Militarized Policing Is at the Root of the Minneapolis Mayhem
Thanks to a lack of hiring standards, purposeful federal policy, poor training, and a lack of accountability for bad behavior, ICE is eroding safety and liberty for all Americans.
When I wrote regularly about police use-of-force issues for this newspaper, I encountered two types of officers: those admirable ones who de-escalated situations and those who escalated them. Thanks to a lack of hiring standards, purposeful federal policy, poor training, and a lack of accountability or punishment for bad behavior, ICE is going all in on the second approach. This bodes ill for the safety and liberty of all Americans.
The administration no doubt is doing this because it believes most Americans will instinctively back law and order. Notice all those blue-striped flags and bumper stickers. I have experienced escalation before. I made a minor jaywalking mistake and was non-threatening, but the officer shouted in my face with the apparent goal of prompting me to lose my cool and give her an excuse to pummel me.
It should not surprise any American that some officials like to act aggressively. That's a defining observation of an American revolution that broke the yokes of a British king who "sent hither swarms of Officers to harass our people, and eat out their substance." Those officers had legal standing, by the way, but the colonists—unlike modern conservatives—didn't argue that we should blindly obey.
I'm not getting into the details of the ICE shootings in Minneapolis of Renee Good and Alex Pretti. Everyone who is interested has seen the video footage and the step-by-step analysis by experts and commentators. In my view, both killings were unjustified, but people's opinions on the specifics are highly dependent on whether they are sympathetic to the administration or the protesters.
But in all the discussions of whether any use of force is legally justified—and they usually are given the rules are tilted heavily in favor of the officer—police/ICE defenders rarely discuss the multiple choices officers made that unnecessarily led to the violent encounter. Then they lecture the public on the importance of simply complying. They never lecture officers and their departments on the importance of following a de-escalation playbook, which prioritizes police behaviors that reduce tensions, calm emotions, and lessen aggression.
A decade ago, Americans were building a bipartisan consensus on police reform.

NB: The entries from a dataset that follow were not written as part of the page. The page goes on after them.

(* Let $d \ge 2$. For $R \subseteq \{0,1,\dots,d-1\}$ let $\mathrm{err}(R) = \min_{m \in \mathcal{M}_d(R)} \| m - \textsc{max} \|_\infty$, where $\|\cdot\|_\infty$ is the sup norm of a function over the unit cube $[0,1]^d$ and $\textsc{max}(x)=\max_i x_i$. Then $$\mathrm{err}(\{d-1\}) = \frac{1}{2d-1},\qquad \mathrm{err}(\{0, d-1\}) = \frac{1}{2d},\qquad \mathrm{err}(\{0,1,2,\dots,d-1\}) \le \frac{1}{2^d}.$$
   Context: For $x\in\mathbb{R}^d$ and nonempty $A\subseteq\{1,\dots,d\}$, the subpool max is $s(x;A)=\max\{x_j:j\in A\}$. $C(k,r,d)$ denotes the $k$-th $r$-element subset of $\{1,\dots,d\}$ in lexicographic order, $k=1,\dots,\binom{d}{r}$. For $R\subseteq\{0,1,\dots,d-1\}$, $\mathcal{M}_d(R)$ is the set of functions $$x \mapsto \beta_0 + \sum_{r\in R\setminus\{0\}} \sum_{j=1}^{\binom{d}{r}} \beta_r^j\, s(x; C(j,r,d)), \qquad \beta_0,\beta_r^j\in\mathbb{R},$$ where the intercept $\beta_0$ is included if $0\in R$ and omitted (i.e. $\beta_0=0$) if $0\notin R$. *)

theory Defs
  imports Complex_Main
begin

text \<open>Points of R^d are functions nat => real; only coordinates 1..d matter.\<close>

definition subpool_max :: "(nat \<Rightarrow> real) \<Rightarrow> nat set \<Rightarrow> real" where
  "subpool_max x A = Max (x ` A)"

definition max_fn :: "nat \<Rightarrow> (nat \<Rightarrow> real) \<Rightarrow> real" where
  "max_fn d x = Max (x ` {1..d})"

text \<open>The r-element subsets of {1..d}; indexing them by the subset itself is
  the same as indexing by their lexicographic rank C(j,r,d).\<close>
definition rsubsets :: "nat \<Rightarrow> nat \<Rightarrow> nat set set" where
  "rsubsets r d = {A. A \<subseteq> {1..d} \<and> card A = r}"

definition model :: "nat \<Rightarrow> nat set \<Rightarrow> real \<Rightarrow> (nat set \<Rightarrow> real) \<Rightarrow> (nat \<Rightarrow> real) \<Rightarrow> real" where
  "model d R b0 b x = (if 0 \<in> R then b0 else 0)
      + (\<Sum>r\<in>R - {0}. \<Sum>A\<in>rsubsets r d. b A * subpool_max x A)"

definition models :: "nat \<Rightarrow> nat set \<Rightarrow> ((nat \<Rightarrow> real) \<Rightarrow> real) set" where
  "models d R = {model d R b0 b | b0 b. True}"

definition unit_cube :: "nat \<Rightarrow> (nat \<Rightarrow> real) set" where
  "unit_cube d = {x. \<forall>j\<in>{1..d}. 0 \<le> x j \<and> x j \<le> 1}"

definition sup_norm :: "nat \<Rightarrow> ((nat \<Rightarrow> real) \<Rightarrow> real) \<Rightarrow> real" where
  "sup_norm d f = Sup ((\<lambda>x. \<bar>f x\<bar>) ` unit_cube d)"

definition err :: "nat \<Rightarrow> nat set \<Rightarrow> real" where
  "err d R = Inf ((\<lambda>m. sup_norm d (\<lambda>x. m x - max_fn d x)) ` models d R)"

end

theory Submission
  imports Defs
begin

text \<open>
  Along the path that moves all coordinates of x sharing one value t, 0 < t < 1,
  between the neighbouring values a < t < b of x (or 0 and 1), every subpool max
  either follows the moved value or ignores it, so the error m - max of a model m
  is affine there. Merging t into a or b lowers the number of coordinate values
  outside {0, 1}; hence |m - max| is largest at a vertex of the cube.

  At a vertex with k ones, a model whose coefficients depend only on |A| has the
  value beta_0 + sum_r beta_r (C(d, r) - C(d - k, r)). Explicit coefficients give
  the upper bounds; for all layers, beta_r = -(-1)^d (-2)^r / 2^d makes the error
  at every vertex equal to +-1/2^d by the binomial theorem.

  For the lower bounds the vertices 0, 1 and the unit vectors suffice: adding up
  the errors at the unit vectors counts every (d-1)-subset d - 1 times, and
  together with the error at 1 this gives 1 - beta_0 <= (2d - 1) s, while the
  vertex 0 gives |beta_0| <= s.
\<close>

lemma finite_rsubsets: "finite (rsubsets r d)"
  unfolding rsubsets_def by (rule finite_subset[of _ "Pow {1..d}"]) auto

lemma rsubsetsD:
  assumes "A \<in> rsubsets r d" "r \<ge> 1"
  shows "A \<noteq> {}" "A \<subseteq> {1..d}"
  using assms unfolding rsubsets_def by auto

lemma subpool_max_in_image:
  assumes "A \<noteq> {}" "A \<subseteq> {1..d}"
  shows "subpool_max x A \<in> x ` A"
  unfolding subpool_max_def using assms by (intro Max_in) (auto intro: finite_subset)

lemma subpool_max_in_unit_interval:
  assumes "A \<noteq> {}" "A \<subseteq> {1..d}" "x \<in> unit_cube d"
  shows "0 \<le> subpool_max x A" "subpool_max x A \<le> 1"
  using subpool_max_in_image[OF assms(1,2), of x] assms(2,3) by (auto simp: unit_cube_def)

lemma max_fn_eq_subpool_max: "max_fn d x = subpool_max x {1..d}"
  by (simp add: max_fn_def subpool_max_def)

lemma zero_in_unit_cube: "(\<lambda>_. 0) \<in> unit_cube d"
  by (simp add: unit_cube_def)

lemma model_error_bounded:
  assumes "d \<ge> 1"
  shows "bdd_above ((\<lambda>x. \<bar>model d R b0 \<beta> x - max_fn d x\<bar>) ` unit_cube d)"
proof (rule bdd_aboveI2)
  fix x assume x: "x \<in> unit_cube d"
  have "\<bar>\<beta> A * subpool_max x A\<bar> \<le> \<bar>\<beta> A\<bar>" if "r \<in> R - {0}" "A \<in> rsubsets r d" for r A
    using subpool_max_in_unit_interval[OF rsubsetsD[OF that(2)] x] that(1)
    by (simp add: abs_mult mult_left_le)
  then have "\<bar>\<Sum>r\<in>R-{0}. \<Sum>A\<in>rsubsets r d. \<beta> A * subpool_max x A\<bar>
      \<le> (\<Sum>r\<in>R-{0}. \<Sum>A\<in>rsubsets r d. \<bar>\<beta> A\<bar>)"
    by (intro order.trans[OF sum_abs] sum_mono order.trans[OF sum_abs]) auto
  moreover have "0 \<le> max_fn d x" "max_fn d x \<le> 1"
    using subpool_max_in_unit_interval[OF _ _ x, of "{1..d}"] assms
    by (auto simp: max_fn_eq_subpool_max)
  ultimately show "\<bar>model d R b0 \<beta> x - max_fn d x\<bar>
      \<le> \<bar>b0\<bar> + (\<Sum>r\<in>R-{0}. \<Sum>A\<in>rsubsets r d. \<bar>\<beta> A\<bar>) + 1"
    unfolding model_def by (smt (verit))
qed

lemma abs_le_sup_norm:
  assumes "bdd_above ((\<lambda>x. \<bar>f x\<bar>) ` unit_cube d)" "x \<in> unit_cube d"
  shows "\<bar>f x\<bar> \<le> sup_norm d f"
  unfolding sup_norm_def using assms by (intro cSup_upper) auto

lemma sup_norm_le:
  assumes "\<And>x. x \<in> unit_cube d \<Longrightarrow> \<bar>f x\<bar> \<le> v"
  shows "sup_norm d f \<le> v"
  unfolding sup_norm_def using assms zero_in_unit_cube by (intro cSup_least) auto

lemma model_error_le_sup_norm:
  assumes "d \<ge> 1" "x \<in> unit_cube d"
  shows "\<bar>model d R b0 \<beta> x - max_fn d x\<bar> \<le> sup_norm d (\<lambda>x. model d R b0 \<beta> x - max_fn d x)"
  using abs_le_sup_norm[OF model_error_bounded] assms by blast

lemma err_le_sup_norm:
  assumes "d \<ge> 1"
  shows "err d R \<le> sup_norm d (\<lambda>x. model d R b0 \<beta> x - max_fn d x)"
  unfolding err_def
proof (rule cInf_lower)
  show "sup_norm d (\<lambda>x. model d R b0 \<beta> x - max_fn d x)
      \<in> (\<lambda>m. sup_norm d (\<lambda>x. m x - max_fn d x)) ` models d R"
    unfolding models_def by blast
  have "0 \<le> sup_norm d (\<lambda>x. model d R c0 \<gamma> x - max_fn d x)" for c0 \<gamma>
    using model_error_le_sup_norm[OF assms zero_in_unit_cube] by (rule order.trans[OF abs_ge_zero])
  then show "bdd_below ((\<lambda>m. sup_norm d (\<lambda>x. m x - max_fn d x)) ` models d R)"
    unfolding models_def by (intro bdd_belowI2[where m = 0]) auto
qed

lemma le_err:
  assumes "\<And>b0 \<beta>. v \<le> sup_norm d (\<lambda>x. model d R b0 \<beta> x - max_fn d x)"
  shows "v \<le> err d R"
  unfolding err_def models_def using assms by (intro cInf_greatest) auto

lemma Max_image_mono_on:
  fixes f :: "'a::linorder \<Rightarrow> 'b::linorder"
  assumes "mono_on S f" "finite S" "S \<noteq> {}"
  shows "Max (f ` S) = f (Max S)"
proof (rule Max_eqI)
  show "y \<le> f (Max S)" if "y \<in> f ` S" for y
    using that assms by (auto intro!: mono_onD[OF assms(1)] Max_in)
qed (use assms in auto)

definition replace_value :: "(nat \<Rightarrow> real) \<Rightarrow> real \<Rightarrow> real \<Rightarrow> nat \<Rightarrow> real" where
  "replace_value x t s = (\<lambda>j. if x j = t then s else x j)"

Groups on the left and right recognized that police officers have a tough job—and one that's crucial to a safe society. However, they also recognized that holding life-and-death authority comes with great responsibility. I saw broad agreement for the conservative group Right on Crime's observation: "The militarization of our police, whereby their outward appearance and display of weapons, uniforms and equipment (and the accompanying preference for force over other options to solve problems) breaks the necessary bonds between the community and its police officers."
President Donald Trump made some nods toward criminal justice reform in his first term, but that noteworthy consensus collapsed as he embraced crass culture-war rhetoric after protests over the death of George Floyd turned into riots. It's been downhill since then, as progressives embraced defund-the-police nonsense and conservatives defended even the most appalling uses of force. The recent federal siege of Minneapolis is the predictable endpoint of a policing strategy that incorporates the opposite of that sensible Right on Crime principle.
As my R Street Institute colleague Jillian Snider, a retired New York City police officer, recently wrote, "Federal officials are correct in describing Minneapolis as a challenging operating environment…But that reality strengthens—not weakens—the arguments for disciplined tactics and specialized training." Indeed.
In my experience, poorly run police agencies and law-and-order politicians will exaggerate police dangers to justify heavy-handed tactics rather than—yes, that word again—de-escalation techniques. For what it's worth, the Cato Institute reports that 2025 was the second safest year in history for ICE and Border Patrol agents.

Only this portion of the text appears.